In 1963, when she was just 9 years old, that dream came true. Miriam and her family were part of the nearly one million Jews made stateless and forced out of Arab lands. The Jewish Agency took the Moroccan Jewish refugees from the North African Sahara Desert and housed them in tents in the Negev Desert in Israel. Upon arriving in the Promised Land, her father fell on his knees, kissed the sandy earth, and called it “Paradise.”
In that refugee camp outside Beersheba, the family lived in poverty. As a child Miriam studied hard. At 10-years old she was cleaning her teacher’s house to support her family. But it was her mother’s attitude to Israeli soldiers which would overwhelm all other childhood memories and equip her for unforeseeable tragedies. Miriam remembers that every time her mother saw an Israeli soldier, her mother would stop and pray, “let this child come home safely.”

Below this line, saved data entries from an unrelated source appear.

theorem proposition2:
  fixes M :: "'a measure" and p :: real and m n i :: nat
    and W :: "nat \<Rightarrow> nat \<Rightarrow> real"
    and x :: "nat \<Rightarrow> 'a \<Rightarrow> real"
    and Bin :: "nat \<Rightarrow> 'a \<Rightarrow> real"
    and Bout :: "nat \<Rightarrow> 'a \<Rightarrow> real"
  assumes "prob_space M"
    and "0 < p" "p < 1"
    and "i < m"
    and "\<And>j. j < n \<Longrightarrow> x j \<in> borel_measurable M"
    and "\<And>j. j < n \<Longrightarrow> integrable M (\<lambda>\<omega>. (x j \<omega>)\<^sup>2)"
    and "dropout_mask M p n Bin n x"
    and "dropout_mask M p m Bout n x"
    and "prob_space.variance M (\<lambda>\<omega>. \<Sum>j<n. W i j * x j \<omega>) > 0"
    and "(\<Sum>j<n. (W i j)\<^sup>2 * prob_space.expectation M (\<lambda>\<omega>. (x j \<omega>)\<^sup>2)) > 0"
  shows "incons_ratio M (\<lambda>\<omega>. \<Sum>j<n. W i j * x j \<omega>)
                        (\<lambda>\<omega>. \<Sum>j<n. W i j * ((1 / p) * Bin j \<omega> * x j \<omega>)) < 1
       \<and> (incons_ratio M (\<lambda>\<omega>. \<Sum>j<n. W i j * x j \<omega>)
                        (\<lambda>\<omega>. (1 / p) * Bout i \<omega> * (\<Sum>j<n. W i j * x j \<omega>))
            < incons_ratio M (\<lambda>\<omega>. \<Sum>j<n. W i j * x j \<omega>)
                        (\<lambda>\<omega>. \<Sum>j<n. W i j * ((1 / p) * Bin j \<omega> * x j \<omega>))
          \<longleftrightarrow> (\<Sum>j<n. \<Sum>k\<in>{..<n} - {j}. W i j * W i k * prob_space.expectation M (\<lambda>\<omega>. x j \<omega> * x k \<omega>)) > 0)"
proof -
  interpret prob_space M by fact
  define Y where "Y = (\<lambda>\<omega>. \<Sum>j<n. W i j * x j \<omega>)"
  define S where "S = (\<Sum>j<n. (W i j)\<^sup>2 * expectation (\<lambda>\<omega>. (x j \<omega>)\<^sup>2))"
  define C where "C = (\<Sum>j<n. \<Sum>k\<in>{..<n} - {j}. W i j * W i k * expectation (\<lambda>\<omega>. x j \<omega> * x k \<omega>))"
  define \<mu> where "\<mu> = (\<Sum>j<n. W i j * expectation (x j))"
  have var_Y: "variance Y = S + C - \<mu>\<^sup>2"
    unfolding Y_def S_def C_def \<mu>_def using assms(5,6) by (rule variance_sum)
  have var_pre: "variance (\<lambda>\<omega>. \<Sum>j<n. W i j * ((1 / p) * Bin j \<omega> * x j \<omega>)) = S / p + C - \<mu>\<^sup>2"
    unfolding S_def C_def \<mu>_def using assms(2,5,6,7) by (rule variance_pre_dropout)
  have var_post: "variance (\<lambda>\<omega>. (1 / p) * Bout i \<omega> * Y \<omega>) = (S + C) / p - \<mu>\<^sup>2"
    unfolding Y_def S_def C_def \<mu>_def using assms(2,4,5,6,8) by (rule variance_post_dropout_sum)
  from dropout_ratio_inequalities[OF assms(2,3) _ var_Y] show ?thesis
    using assms(9,10) unfolding incons_ratio_def var_pre var_post[unfolded Y_def] S_def C_def Y_def
    by simp
qed

end
lemma reachable_avoiding_upath:
  assumes "l \<in> reachable_avoiding ends Ccut Co"
  shows "\<exists>ls cs. upath ends ls cs \<and> hd ls \<in> endpoint_locs ends Co \<and> last ls = l \<and> set cs \<inter> Ccut = {}"
  using assms
proof induction
  case (start l)
  have "upath ends [l] []"
    by (simp add: upath_def)
  with start show ?case by fastforce
next
  case (step l c r)
  then obtain ls cs where "upath ends ls cs" "hd ls \<in> endpoint_locs ends Co" "last ls = l" "set cs \<inter> Ccut = {}"
    by blast
  moreover have "ls \<noteq> []"
    using \<open>upath ends ls cs\<close> by (auto simp: upath_def)
  ultimately show ?case
    using step(2,3) upath_snoc[of ends ls cs c r] by (intro exI[of _ "ls @ [r]"] exI[of _ "cs @ [c]"]) auto
qed

lemma undirected_cut_separating_channels:
  assumes cut: "undirected_cut ends Ccut Cs Co"
  obtains K where "Co \<subseteq> K" and "K \<inter> Ccut = {}" and "Cs \<inter> K = {}"
    and "\<And>l. chans ends l \<subseteq> K \<union> Ccut \<or> chans ends l \<inter> K = {}"
proof
  have disjoint: "Cs \<inter> Co = {}" "Ccut \<inter> Co = {}"
    and cuts: "\<And>ls cs. \<lbrakk>upath ends ls cs; hd ls \<in> endpoint_locs ends Co; last ls \<in> endpoint_locs ends Cs\<rbrakk>
      \<Longrightarrow> \<exists>c\<in>set cs. c \<in> Ccut"
    using cut unfolding undirected_cut_def by blast+
  let ?X = "reachable_avoiding ends Ccut Co"
  define K where "K = Co \<union> {c. c \<notin> Ccut \<and> (\<exists>s r. ends c = Some (s, r) \<and> s \<in> ?X)}"
  have ends_reachable: "s \<in> ?X \<and> r \<in> ?X" if "c \<in> K" "ends c = Some (s, r)" for c s r
  proof (cases "c \<in> Co")
    case True
    then have "s \<in> endpoint_locs ends Co" "r \<in> endpoint_locs ends Co"
      using that(2) unfolding endpoint_locs_def by blast+
    then show ?thesis by (blast intro: reachable_avoiding.start)
  next
    case False
    then show ?thesis
      using that unfolding K_def by (auto intro: reachable_avoiding.step)
  qed
  show "Co \<subseteq> K"
    unfolding K_def by blast
  show "K \<inter> Ccut = {}"
    using disjoint unfolding K_def by blast
  show "Cs \<inter> K = {}"
  proof (rule ccontr)
    assume "Cs \<inter> K \<noteq> {}"
    then obtain c where "c \<in> Cs" "c \<in> K" "c \<notin> Co"
      using disjoint by blast
    then obtain s r where "ends c = Some (s, r)" and "s \<in> ?X"
      unfolding K_def by blast
    obtain ls cs where "upath ends ls cs" "hd ls \<in> endpoint_locs ends Co" "last ls = s"
      and "set cs \<inter> Ccut = {}"
      using reachable_avoiding_upath[OF \<open>s \<in> ?X\<close>] by blast
    moreover have "s \<in> endpoint_locs ends Cs"
      using \<open>c \<in> Cs\<close> \<open>ends c = Some (s, r)\<close> unfolding endpoint_locs_def by auto
    ultimately show False
      using cuts by fastforce
  qed
  show "chans ends l \<subseteq> K \<union> Ccut \<or> chans ends l \<inter> K = {}" for l
  proof (cases "l \<in> ?X")
    case True
    have "c \<in> K" if c: "c \<in> chans ends l" "c \<notin> Ccut" for c
    proof -
      obtain s r where "ends c = Some (s, r)" and "s = l \<or> r = l"
        using c(1) unfolding chans_def by blast
      then have "s \<in> ?X"
        using True c(2) by (blast intro: reachable_avoiding.step)
      then show ?thesis
        using \<open>ends c = Some (s, r)\<close> c(2) unfolding K_def by blast
    qed
    then show ?thesis by blast
  next
    case False
    have "c \<notin> K" if "c \<in> chans ends l" for c
      using that False ends_reachable unfolding chans_def by blast
    then show ?thesis by blast
  qed
qed

theorem lemma5:
  fixes ends :: "'c \<Rightarrow> ('l \<times> 'l) option"
    and traces :: "'l \<Rightarrow> ('c \<times> 'd) fiseq set"
    and chan :: "'e \<Rightarrow> 'c" and msg :: "'e \<Rightarrow> 'd"
    and Cs Ccut Co :: "'c set" and Bo :: "'e soe"
  assumes "frame ends traces"
    and "undirected_cut ends Ccut Cs Co"
    and "Bo \<in> lruns ends traces chan msg Co"
  shows "J ends traces chan msg Co Cs Bo =
         (\<Union>Bc \<in> J ends traces chan msg Co Ccut Bo. J ends traces chan msg Ccut Cs Bc)"
proof
  obtain K where "Co \<subseteq> K" "K \<inter> Ccut = {}" "Cs \<inter> K = {}"
    and local: "\<And>l. chans ends l \<subseteq> K \<union> Ccut \<or> chans ends l \<inter> K = {}"
    using undirected_cut_separating_channels[OF assms(2)] by blast
  show "(\<Union>Bc \<in> J ends traces chan msg Co Ccut Bo. J ends traces chan msg Ccut Cs Bc)
      \<subseteq> J ends traces chan msg Co Cs Bo"
  proof
    fix B assume "B \<in> (\<Union>Bc \<in> J ends traces chan msg Co Ccut Bo. J ends traces chan msg Ccut Cs Bc)"
    then obtain B1 R1 B2 R2 where exec1: "(B1, R1) \<in> exec ends traces chan msg"
      and exec2: "(B2, R2) \<in> exec ends traces chan msg"
      and cut_view: "restr chan Ccut (B1, R1) = restr chan Ccut (B2, R2)"
      and "restr chan Co (B1, R1) = Bo" and "B = restr chan Cs (B2, R2)"
      unfolding J_def by auto
    then obtain A where "A \<in> exec ends traces chan msg" "restr chan Co A = Bo" "restr chan Cs A = B"
      using exec_glue[OF exec1 exec2 cut_view \<open>K \<inter> Ccut = {}\<close> local] \<open>Co \<subseteq> K\<close> \<open>Cs \<inter> K = {}\<close>
      by (metis le_supI1)
    then show "B \<in> J ends traces chan msg Co Cs Bo"
      unfolding J_def by blast
  qed
qed (auto simp: J_def)

end
(* Let $x_1,\dots,x_N\in\mathbb{R}^q$, let $\hat x_0\in\mathbb{R}^q$ be arbitrary, and define the median shift sequence by $$C_n=\{i: \|\hat x_n-x_i\|_1<1\},\qquad \hat x_{n+1}=\mathrm{Med}(\{x_i: i\in C_n\}),$$ where $\mathrm{Med}$ is the coordinatewise median defined in the context (and $\mathrm{Med}(\emptyset)=c$ for a fixed point $c\in\mathbb{R}^q$). Then $(\hat x_n)$ is stationary (constant from some index on), for any initialization $\hat x_0$.
   Context: $\|\cdot\|_1$ is the $L_1$ norm on $\mathbb{R}^q$. For a nonempty finite family of points of $\mathbb{R}^q$ (indexed by a subset of $\{1,\dots,N\}$), $\mathrm{Med}$ returns the point whose $k$-th coordinate is the median of the $k$-th coordinates of the family, where for an even number of values the median is taken as the average of the two middle values; thus $\mathrm{Med}$ depends only on the index set and is a minimizer of $x\mapsto\sum_i\|x-x_i\|_1$ over the family. *)

theory Defs
  imports "HOL-Analysis.Analysis"
begin

definition l1_norm :: "real ^ 'q \<Rightarrow> real" where
  "l1_norm v = (\<Sum>k\<in>UNIV. \<bar>v $ k\<bar>)"

definition median_list :: "real list \<Rightarrow> real" where
  "median_list xs = (let ys = sort xs; n = length ys in
     if odd n then ys ! (n div 2) else (ys ! (n div 2 - 1) + ys ! (n div 2)) / 2)"

definition Med :: "real ^ 'q \<Rightarrow> (nat \<Rightarrow> real ^ 'q) \<Rightarrow> nat set \<Rightarrow> real ^ 'q" where
  "Med c x I = (if I = {} then c else
     (\<chi> k. median_list (map (\<lambda>i. x i $ k) (sorted_list_of_set I))))"

end

theory Submission
  imports Defs
begin

text \<open>The truncated cost \<open>L(v) = \<Sum>\<^sub>i min (\<parallel>v - x\<^sub>i\<parallel>\<^sub>1) 1\<close> is a Lyapunov function for the
median shift. On the current neighbourhood \<open>C\<^sub>n\<close> the median does not increase the sum of
distances, and the points outside \<open>C\<^sub>n\<close> contribute at most 1 each, exactly as much as they
did before; so \<open>L\<close> is nonincreasing. From step 1 on, the iterates are medians of subfamilies,
so \<open>L\<close> takes finitely many values and is eventually constant. Once it is constant no point can
enter the neighbourhood (it would contribute strictly less than 1), so the neighbourhoods
decrease, hence stabilize, and then so does the sequence of their medians.\<close>

lemma eventually_const_if_decreasing_finite_range:
  fixes f :: "nat \<Rightarrow> 'a::order"
  assumes dec: "\<And>n. m0 \<le> n \<Longrightarrow> f (Suc n) \<le> f n"
    and fin: "finite (f ` {m0..})"
  shows "\<exists>m\<ge>m0. \<forall>n\<ge>m. f n = f m"
proof -
  obtain m where m: "m \<ge> m0" and minimal: "\<And>n. n \<ge> m0 \<Longrightarrow> f n \<le> f m \<Longrightarrow> f m = f n"
    using finite_has_minimal[OF fin] by fastforce
  have "f n \<le> f m" if "m \<le> n" for n
    using that
  proof (induction n rule: dec_induct)
    case (step n)
    then show ?case using dec[of n] m by (meson order_trans le_trans)
  qed simp
  then show ?thesis using m minimal by (metis le_trans)
qed


lemma sum_abs_diff_sorted_le_at_middle:
  fixes ys :: "real list" and m y :: real
  assumes sorted: "sorted ys"
    and lower: "ys ! ((length ys - 1) div 2) \<le> m" and upper: "m \<le> ys ! (length ys div 2)"
  shows "(\<Sum>j<length ys. \<bar>m - ys ! j\<bar>) \<le> (\<Sum>j<length ys. \<bar>y - ys ! j\<bar>)"
proof -
  define n where "n = length ys"
  \<comment> \<open>Pair \<open>ys ! j\<close> with \<open>ys ! (n - 1 - j)\<close>: \<open>m\<close> lies between them, where \<open>\<bar>t - a\<bar> + \<bar>t - b\<bar>\<close> is least.\<close>
  have pair: "\<bar>m - ys!j\<bar> + \<bar>m - ys!(n - Suc j)\<bar> \<le> \<bar>y - ys!j\<bar> + \<bar>y - ys!(n - Suc j)\<bar>"
    if j: "j < n" for j
  proof (cases "j \<le> (n - 1) div 2")
    case True
    have "ys ! j \<le> m"
      using sorted_nth_mono[OF sorted True] lower j unfolding n_def by fastforce
    moreover have "m \<le> ys ! (n - Suc j)"
      using sorted_nth_mono[OF sorted, of "n div 2" "n - Suc j"] upper j True
      unfolding n_def by fastforce
    ultimately show ?thesis by linarith
  next
    case False
    have "m \<le> ys ! j"
      using sorted_nth_mono[OF sorted, of "n div 2" j] upper j False unfolding n_def by fastforce
    moreover have "ys ! (n - Suc j) \<le> m"
      using sorted_nth_mono[OF sorted, of "n - Suc j" "(n - 1) div 2"] lower j False
      unfolding n_def by fastforce
    ultimately show ?thesis by linarith
  qed
  have "(\<Sum>j<n. \<bar>m - ys!j\<bar> + \<bar>m - ys!(n - Suc j)\<bar>) \<le> (\<Sum>j<n. \<bar>y - ys!j\<bar> + \<bar>y - ys!(n - Suc j)\<bar>)"
    using pair by (intro sum_mono) simp
  then show ?thesis
    unfolding n_def[symmetric] sum.distrib
    by (simp only: sum.nat_diff_reindex[where g = "\<lambda>j. \<bar>m - ys!j\<bar>"]
        sum.nat_diff_reindex[where g = "\<lambda>j. \<bar>y - ys!j\<bar>"])
qed

lemma median_list_minimizes_sum_abs_diff:
  fixes xs :: "real list" and y :: real
  assumes "xs \<noteq> []"
  shows "(\<Sum>a\<leftarrow>xs. \<bar>median_list xs - a\<bar>) \<le> (\<Sum>a\<leftarrow>xs. \<bar>y - a\<bar>)"
proof -
  define ys where "ys = sort xs"
  define n where "n = length ys"
  have sorted: "sorted ys" unfolding ys_def by simp
  have "n > 0" using assms unfolding n_def ys_def by simp
  have median: "median_list xs =
      (if odd n then ys ! (n div 2) else (ys ! (n div 2 - 1) + ys ! (n div 2)) / 2)"
    unfolding median_list_def ys_def n_def Let_def by simp
  have between: "ys ! ((n - 1) div 2) \<le> median_list xs \<and> median_list xs \<le> ys ! (n div 2)"
  proof (cases "odd n")
    case True
    then have "(n - 1) div 2 = n div 2" by (auto elim: oddE)
    then show ?thesis using median True by simp
  next
    case False
    then have "(n - 1) div 2 = n div 2 - 1" "n div 2 < n" using \<open>n > 0\<close> by auto
    moreover have "ys ! (n div 2 - 1) \<le> ys ! (n div 2)"
      using sorted_nth_mono[OF sorted, of "n div 2 - 1" "n div 2"] \<open>n div 2 < n\<close> n_def by simp
    ultimately show ?thesis using median False by simp
  qed
  have sum_sorted: "(\<Sum>a\<leftarrow>xs. f a) = (\<Sum>j<n. f (ys ! j))" for f :: "real \<Rightarrow> real"
  proof -
    have "(\<Sum>a\<leftarrow>xs. f a) = (\<Sum>a\<leftarrow>ys. f a)"
      unfolding ys_def by (metis mset_map mset_sort sum_mset_sum_list)
    also have "\<dots> = (\<Sum>j<n. f (ys ! j))"
      unfolding n_def by (simp add: sum_list_sum_nth atLeast0LessThan)
    finally show ?thesis .
  qed
  show ?thesis
    unfolding sum_sorted
    using sum_abs_diff_sorted_le_at_middle[OF sorted] between unfolding n_def by blast
qed

lemma Med_minimizes_sum_l1_norm:
  fixes x :: "nat \<Rightarrow> real ^ 'q" and y :: "real ^ 'q"
  assumes "finite I"
  shows "(\<Sum>i\<in>I. l1_norm (Med c x I - x i)) \<le> (\<Sum>i\<in>I. l1_norm (y - x i))"
proof (cases "I = {}")
  case False
  define L where "L = sorted_list_of_set I"
  have distinct: "distinct L" and set_L: "set L = I" and "L \<noteq> []"
    using assms False unfolding L_def by auto
  have as_list: "(\<Sum>i\<in>I. f (x i $ k)) = (\<Sum>a\<leftarrow>map (\<lambda>i. x i $ k) L. f a)" for f k
    by (simp add: o_def sum_list_distinct_conv_sum_set[OF distinct] set_L)
  have coordinate: "(\<Sum>i\<in>I. \<bar>Med c x I $ k - x i $ k\<bar>) \<le> (\<Sum>i\<in>I. \<bar>y $ k - x i $ k\<bar>)" for k
  proof -
    have "Med c x I $ k = median_list (map (\<lambda>i. x i $ k) L)"
      by (simp add: Med_def False L_def)
    then show ?thesis
      using median_list_minimizes_sum_abs_diff[of "map (\<lambda>i. x i $ k) L" "y $ k"] \<open>L \<noteq> []\<close>
        as_list[of "\<lambda>a. \<bar>Med c x I $ k - a\<bar>" k] as_list[of "\<lambda>a. \<bar>y $ k - a\<bar>" k]
      by simp
  qed
  have l1_sum: "(\<Sum>i\<in>I. l1_norm (v - x i)) = (\<Sum>k\<in>UNIV. \<Sum>i\<in>I. \<bar>v $ k - x i $ k\<bar>)" for v
    unfolding l1_norm_def by (simp add: sum.swap[of _ I])
  show ?thesis
    unfolding l1_sum by (intro sum_mono coordinate)
qed simp


definition l1_neighbours :: "(nat \<Rightarrow> real ^ 'q) \<Rightarrow> nat set \<Rightarrow> real ^ 'q \<Rightarrow> nat set" where
  "l1_neighbours x I v = {i \<in> I. l1_norm (v - x i) < 1}"

definition truncated_l1_cost :: "(nat \<Rightarrow> real ^ 'q) \<Rightarrow> nat set \<Rightarrow> real ^ 'q \<Rightarrow> real" where
  "truncated_l1_cost x I v = (\<Sum>i\<in>I. min (l1_norm (v - x i)) 1)"

lemma truncated_l1_cost_Med_neighbours_slack:
  fixes x :: "nat \<Rightarrow> real ^ 'q" and v c :: "real ^ 'q"
  assumes "finite I"
  defines "C \<equiv> l1_neighbours x I v"
  defines "w \<equiv> Med c x C"
  shows "truncated_l1_cost x I w + (\<Sum>i\<in>I - C. 1 - min (l1_norm (w - x i)) 1)
      \<le> truncated_l1_cost x I v"
proof -
  have C_sub: "C \<subseteq> I" and "finite C" using assms(1) unfolding C_def l1_neighbours_def by auto
  have split: "truncated_l1_cost x I u =
      (\<Sum>i\<in>C. min (l1_norm (u - x i)) 1) + (\<Sum>i\<in>I - C. min (l1_norm (u - x i)) 1)" for u
    unfolding truncated_l1_cost_def using sum.subset_diff[OF C_sub assms(1)] by (simp add: add.commute)
  have "(\<Sum>i\<in>C. min (l1_norm (w - x i)) 1) \<le> (\<Sum>i\<in>C. l1_norm (w - x i))"
    by (intro sum_mono) simp
  also have "\<dots> \<le> (\<Sum>i\<in>C. l1_norm (v - x i))"
    unfolding w_def by (rule Med_minimizes_sum_l1_norm[OF \<open>finite C\<close>])
  also have "\<dots> = (\<Sum>i\<in>C. min (l1_norm (v - x i)) 1)"
    by (intro sum.cong) (auto simp: C_def l1_neighbours_def)
  finally have inside: "(\<Sum>i\<in>C. min (l1_norm (w - x i)) 1) \<le> (\<Sum>i\<in>C. min (l1_norm (v - x i)) 1)" .
  have outside: "(\<Sum>i\<in>I - C. min (l1_norm (v - x i)) 1) = (\<Sum>i\<in>I - C. 1)"
    by (intro sum.cong) (auto simp: C_def l1_neighbours_def)
  show ?thesis
    using split[of w] split[of v] inside outside by (simp add: sum_subtractf)
qed

lemma truncated_l1_cost_Med_neighbours_le:
  assumes "finite I"
  shows "truncated_l1_cost x I (Med c x (l1_neighbours x I v)) \<le> truncated_l1_cost x I v"
  using truncated_l1_cost_Med_neighbours_slack[OF assms, where x = x and v = v and c = c]
    sum_nonneg[of "I - l1_neighbours x I v"
      "\<lambda>i. 1 - min (l1_norm (Med c x (l1_neighbours x I v) - x i)) 1"]
  by fastforce

lemma l1_neighbours_Med_subset_if_cost_eq:
  assumes "finite I"
    and eq: "truncated_l1_cost x I (Med c x (l1_neighbours x I v)) = truncated_l1_cost x I v"
  shows "l1_neighbours x I (Med c x (l1_neighbours x I v)) \<subseteq> l1_neighbours x I v"
proof
  define C where "C = l1_neighbours x I v"
  define w where "w = Med c x C"
  fix i assume new: "i \<in> l1_neighbours x I w"
  show "i \<in> C"
  proof (rule ccontr)
    assume "i \<notin> C"
    with new have "i \<in> I - C" and "l1_norm (w - x i) < 1" by (auto simp: l1_neighbours_def)
    then have "0 < (\<Sum>i\<in>I - C. 1 - min (l1_norm (w - x i)) 1)"
      using member_le_sum[of i "I - C" "\<lambda>i. 1 - min (l1_norm (w - x i)) 1"] \<open>finite I\<close>
      by fastforce
    then show False
      using truncated_l1_cost_Med_neighbours_slack[OF \<open>finite I\<close>, where x = x and v = v and c = c] eq
      unfolding C_def w_def by linarith
  qed
qed

theorem proposition4:
  fixes N :: nat and x :: "nat \<Rightarrow> real ^ 'q" and c :: "real ^ 'q"
    and xhat :: "nat \<Rightarrow> real ^ 'q"
  assumes step: "\<And>n. xhat (Suc n) =
      Med c x {i \<in> {1..N}. l1_norm (xhat n - x i) < 1}"
  shows "\<exists>m. \<forall>n\<ge>m. xhat n = xhat m"
proof -
  define C where "C n = l1_neighbours x {1..N} (xhat n)" for n
  define L where "L n = truncated_l1_cost x {1..N} (xhat n)" for n
  have xhat_Suc: "xhat (Suc n) = Med c x (C n)" for n
    using step unfolding C_def l1_neighbours_def .
  have L_dec: "L (Suc n) \<le> L n" for n
    unfolding L_def xhat_Suc C_def by (rule truncated_l1_cost_Med_neighbours_le) simp
  have "xhat ` {1..} \<subseteq> Med c x ` Pow {1..N}"
  proof (rule image_subsetI)
    fix n :: nat assume "n \<in> {1..}"
    then obtain k where "n = Suc k" by (cases n) auto
    then show "xhat n \<in> Med c x ` Pow {1..N}"
      by (auto simp: xhat_Suc C_def l1_neighbours_def)
  qed
  then have "finite (xhat ` {1..})"
    by (rule finite_subset) simp
  then have "finite (truncated_l1_cost x {1..N} ` xhat ` {1..})"
    by (rule finite_imageI)
  then have "finite (L ` {1..})"
    by (simp add: L_def[abs_def] image_image)
  then obtain m where L_const: "\<And>n. n \<ge> m \<Longrightarrow> L n = L m"
    using eventually_const_if_decreasing_finite_range[of 1 L] L_dec by blast
  have C_dec: "C (Suc n) \<subseteq> C n" if "n \<ge> m" for n
    using l1_neighbours_Med_subset_if_cost_eq[of "{1..N}" x c "xhat n"]
      L_const[of n] L_const[of "Suc n"] that
    unfolding L_def C_def xhat_Suc by simp
  have "finite (C ` {m..})"
    by (rule finite_subset[of _ "Pow {1..N}"]) (auto simp: C_def l1_neighbours_def)
  then obtain m' where "\<And>n. n \<ge> m' \<Longrightarrow> C n = C m'"
    using eventually_const_if_decreasing_finite_range[of m C] C_dec by blast
  then have "\<forall>n\<ge>Suc m'. xhat n = xhat (Suc m')"
    by (metis Suc_le_D Suc_le_mono xhat_Suc)
  then show ?thesis by blast
qed

end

Miriam excelled at school and went on to study at Ben Gurion University where she acquired a degree in literature and history. She married and settled in a new Israeli town in the Sinai Desert which had been captured in the Six-Day-War. By the time Israel had relinquished the Sinai just a few years later, the young couple were located to a town just outside Jerusalem.
It was then that tragedy began to strike.
First, their eldest son Uriel was killed in action in Lebanon. Unable to deal with the loss of his son, her husband Eliezer died of a heart attack. As if that wasn’t enough, a few years later, their other son Eliraz – already a young father of three – was killed in a war with Hamas.
The people of Israel gathered around. Thousands attended Eliraz’s funeral. Here was a soldier who had already mourned his father and brother, and now his own children were orphans too. This massive public grief was also due to the fact that his mother, Miriam, had remembered her own mother’s words. It was after the death of her own first-born that Miriam began speaking to soldiers about the will to survive and thrive.
It is hard to imagine how a bereaved mother who lost two sons in action could ever inspire young recruits and not scare them away. But somehow she managed to circumvent their fears, and focus on the miracle of life.
She continues to tell groups that she is a very simple woman, who believes that in order to does change the world, or her family, or her community, it can only be done by changing herself.
Her secret of joy is to break life down into moments, refusing to blame HaShem or ask the question “why.” She sees life as a miracle, and refuses to let the past overshadow the wonders of the present. Miriam’s happiness is mixed with pain, her sorrow and energy are intertwined.
Losing so many family members to such tragedy, would be enough to sink most of us into hopelessness and depression, but Miriam did not allow herself to do this. A teacher and educator to her very core, she has touched thousands of lives over the years, lit a torch on Independence Day, and even ran in the elections for the President of Israel.